Does this get anywhere near your requirements?

The behaviour falls somewhere between ExecutionAndPublication and PublicationOnly.

While the initializer is in-flight all calls to Value will be handed the same task (which is cached temporarily but could subsequently succeed or fail); if the initializer succeeds then that completed task is cached permanently; if the initializer fails then the next call to Value will create a completely new initialization task and the process begins again!

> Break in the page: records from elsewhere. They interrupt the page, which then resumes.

(* Let $m\in\mathbb{Z}$ and let $h_1,h_2:\mathbb{Z}\to\mathbb{C}$ be functions decreasing sufficiently rapidly at infinity (so that all series below converge absolutely). Then $$\sum_{n\in\mathbb{Z}}\sum_{k=0}^{\infty}(-1)^n\,h_1\!\left(\frac{m+n+|n+m|}{2}+k\right)h_2\!\left(\frac{n-m-|n+m|}{2}-k\right)=\left(\sum_{k=0}^{\infty}(-1)^k h_1(k)\right)\left(\sum_{n=0}^{\infty}(-1)^{m+n}h_2(-m-n)\right).$$ *)

theory Defs
  imports "HOL-Analysis.Analysis"
begin

end

theory Submission
  imports Defs
begin

text \<open>Two natural numbers a, b are determined by their difference and their minimum, so
  (a, b) \<mapsto> (a - b - m, min a b) is a bijection from \<open>\<nat> \<times> \<nat>\<close> onto \<open>\<int> \<times> \<nat>\<close>. Under it the
  summand of the double series becomes (-1)^a h1(a) times (-1)^(m+b) h2(-m-b), the general term
  of the product of the two series on the right. Both series converge absolutely, so the product
  family is absolutely summable and may be reindexed and summed iteratedly.\<close>

lemma abs_summable_on_comp_inj:
  assumes "(\<lambda>y. norm (f y)) summable_on B" and "inj_on g A" and "g ` A \<subseteq> B"
  shows "(\<lambda>x. norm (f (g x))) summable_on A"
proof -
  have "(\<lambda>y. norm (f y)) summable_on g ` A"
    using assms(1,3) summable_on_subset_banach by blast
  then show ?thesis
    using summable_on_reindex[OF assms(2), of "\<lambda>y. norm (f y)"] by (simp add: o_def)
qed

lemma
  fixes f :: "'a \<Rightarrow> 'c::{banach, real_normed_div_algebra}" and g :: "'b \<Rightarrow> 'c"
  assumes f: "(\<lambda>x. norm (f x)) summable_on A" and g: "(\<lambda>y. norm (g y)) summable_on B"
  shows summable_on_product_banach: "(\<lambda>(x, y). f x * g y) summable_on A \<times> B"
    and infsum_product_banach: "(\<Sum>\<^sub>\<infinity>(x, y)\<in>A \<times> B. f x * g y) = infsum f A * infsum g B"
proof -
  have "(\<lambda>p. norm ((\<lambda>(x, y). f x * g y) p)) summable_on A \<times> B"
    using f g by (subst Infinite_Sum.abs_summable_on_Sigma_iff)
      (auto intro!: summable_on_cmult_left summable_on_cmult_right
            simp: norm_mult infsum_cmult_right' infsum_nonneg)
  then show summable: "(\<lambda>(x, y). f x * g y) summable_on A \<times> B"
    by (rule abs_summable_summable)
  have "(\<Sum>\<^sub>\<infinity>(x, y)\<in>A \<times> B. f x * g y) = (\<Sum>\<^sub>\<infinity>x\<in>A. \<Sum>\<^sub>\<infinity>y\<in>B. f x * g y)"
    using infsum_Sigma_banach[OF summable] by simp
  also have "\<dots> = infsum f A * infsum g B"
    by (simp add: infsum_cmult_right' infsum_cmult_left')
  finally show "(\<Sum>\<^sub>\<infinity>(x, y)\<in>A \<times> B. f x * g y) = infsum f A * infsum g B" .
qed

lemma bij_betw_diff_min_nat:
  "bij_betw (\<lambda>(a::nat, b::nat). (int a - int b + c, min a b)) UNIV UNIV"
  by (rule bij_betw_byWitness[where f' = "\<lambda>(d, k). (k + nat (d - c), k + nat (c - d))"]) auto

lemma minus_one_powi_diff:
  "(-1::'a::field) powi (int a - int b - m) = (-1) ^ a * (-1) powi (m + int b)"
  by (simp add: power_int_minus_left minus_one_power_iff)

lemma div2_abs_at_diff_min:
  fixes a b :: nat and m :: int
  defines "n \<equiv> int a - int b - m"
  shows "(m + n + \<bar>n + m\<bar>) div 2 + int (min a b) = int a"
    and "(n - m - \<bar>n + m\<bar>) div 2 - int (min a b) = - m - int b"
  unfolding n_def by auto

theorem lemma2:
  fixes m :: int and h1 h2 :: "int \<Rightarrow> complex"
  assumes "(\<lambda>x. norm (h1 x)) summable_on UNIV" and "(\<lambda>x. norm (h2 x)) summable_on UNIV"
  shows "(\<Sum>\<^sub>\<infinity>n::int. \<Sum>\<^sub>\<infinity>k::nat.
            (-1) powi n * h1 ((m + n + \<bar>n + m\<bar>) div 2 + int k)
                        * h2 ((n - m - \<bar>n + m\<bar>) div 2 - int k))
       = (\<Sum>\<^sub>\<infinity>k::nat. (-1) ^ k * h1 (int k))
         * (\<Sum>\<^sub>\<infinity>n::nat. (-1) powi (m + int n) * h2 (- m - int n))"
proof -
  define u where "u = (\<lambda>k::nat. (-1) ^ k * h1 (int k))"
  define v where "v = (\<lambda>b::nat. (-1) powi (m + int b) * h2 (- m - int b))"
  define F where "F = (\<lambda>(n, k :: nat). (-1) powi n * h1 ((m + n + \<bar>n + m\<bar>) div 2 + int k)
                        * h2 ((n - m - \<bar>n + m\<bar>) div 2 - int k))"
  define \<sigma> where "\<sigma> = (\<lambda>(a :: nat, b :: nat). (int a - int b - m, min a b))"
  have bij: "bij \<sigma>"
    using bij_betw_diff_min_nat[of "- m"] by (simp add: \<sigma>_def)
  have F_\<sigma>: "(\<lambda>p. F (\<sigma> p)) = (\<lambda>(a, b). u a * v b)"
  proof (intro ext, clarify)
    fix a b
    show "F (\<sigma> (a, b)) = u a * v b"
      using div2_abs_at_diff_min[where a = a and b = b and m = m]
      by (simp add: F_def \<sigma>_def u_def v_def minus_one_powi_diff)
  qed
  have u_abs: "(\<lambda>k. norm (u k)) summable_on UNIV"
    using abs_summable_on_comp_inj[OF assms(1), of int] by (simp add: u_def norm_mult norm_power)
  have v_abs: "(\<lambda>b. norm (v b)) summable_on UNIV"
    using abs_summable_on_comp_inj[OF assms(2), of "\<lambda>b. - m - int b"]
    by (simp add: v_def norm_mult norm_power_int inj_on_def)
  have F_summable: "F summable_on UNIV"
    using summable_on_product_banach[OF u_abs v_abs] summable_on_reindex_bij_betw[OF bij, of F]
    by (simp add: F_\<sigma>)
  have "(\<Sum>\<^sub>\<infinity>n. \<Sum>\<^sub>\<infinity>k. F (n, k)) = infsum F UNIV"
    using infsum_Sigma_banach[of F UNIV "\<lambda>_. UNIV"] F_summable by simp
  also have "\<dots> = (\<Sum>\<^sub>\<infinity>p. F (\<sigma> p))"
    using infsum_reindex_bij_betw[OF bij] by metis
  also have "\<dots> = infsum u UNIV * infsum v UNIV"
    using infsum_product_banach[OF u_abs v_abs] by (simp add: F_\<sigma>)
  finally show ?thesis
    by (simp add: F_def u_def v_def)
qed

end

public sealed class TooLazy<T>
{
    private readonly object _lock = new object();
    private readonly Func<Task<T>> _factory;
    private Task<T> _cached;

    public TooLazy(Func<Task<T>> factory)
    {
        if (factory == null) throw new ArgumentNullException("factory");
        _factory = factory;
    }

    public Task<T> Value
    {
        get
        {
            lock (_lock)
            {
                if ((_cached == null) ||
                    (_cached.IsCompleted && (_cached.Status != TaskStatus.RanToCompletion)))
                {
                    _cached = Task.Run(_factory);
                }
                return _cached;
            }
        }
    }
}

Answer 3

For now, I am using this:

public class CachedAsync<T>
{
    readonly Func<Task<T>> _taskFactory;
    T _value;

    public CachedAsync(Func<Task<T>> taskFactory)
    {
        _taskFactory = taskFactory;
    }

    public TaskAwaiter<T> GetAwaiter() { return Fetch().GetAwaiter(); }

    async Task<T> Fetch()
    {
        if (_value == null)
            _value = await _taskFactory();
        return _value;
    }
}

While it works in my scenario (I don't have multiple triggering threads etc.), it's hardly elegant and doesn't provide thread-safe coordination of either

• a single attempt in progress a la LazyThreadSafetyMode.ExecutionAndPublication OR
• a stable result after >= 1 success a la LazyThreadSafetyMode.PublicationOnly

Answer 4

Version as I am using based on @LukeH's answer:

// http://stackoverflow.com/a/33872589/11635
public class LazyTask
{
    public static LazyTask<T> Create<T>(Func<Task<T>> factory)
    {
        return new LazyTask<T>(factory);
    }
}

/// <summary>
/// Implements a caching/provisioning model we can term LazyThreadSafetyMode.ExecutionAndPublicationWithoutFailureCaching
/// - Ensures only a single provisioning attempt in progress
/// - a successful result gets locked in
/// - a failed result triggers replacement by the first caller through the gate to observe the failed state
///</summary>
/// <remarks>
/// Inspired by Stephen Toub http://blogs.msdn.com/b/pfxteam/archive/2011/01/15/asynclazy-lt-t-gt.aspx
/// Implemented with sensible semantics by @LukeH via SO http://stackoverflow.com/a/33942013/11635
/// </remarks>
public class LazyTask<T>
{
    readonly object _lock = new object();
    readonly Func<Task<T>> _factory;
    Task<T> _cached;

    public LazyTask(Func<Task<T>> factory)
    {
        if (factory == null) throw new ArgumentNullException("factory");
        _factory = factory;
    }

    /// <summary>
    /// Allow await keyword to be applied directly as if it was a Task<T>. See Value for semantics.
    /// </summary>
    public TaskAwaiter<T> GetAwaiter()
    {
        return Value.GetAwaiter();
    }

    /// <summary>
    /// Trigger a load attempt. If there is an attempt in progress, take that. If preceding attempt failed, trigger a retry.
    /// </summary>
    public Task<T> Value
    {
        get
        {
            lock (_lock) 
                if (_cached == null || BuildHasCompletedButNotSucceeded())
                    _cached = _factory();
            return _cached;
        }
    }

    bool BuildHasCompletedButNotSucceeded()
    {
        return _cached.IsCompleted && _cached.Status != TaskStatus.RanToCompletion;
    }
}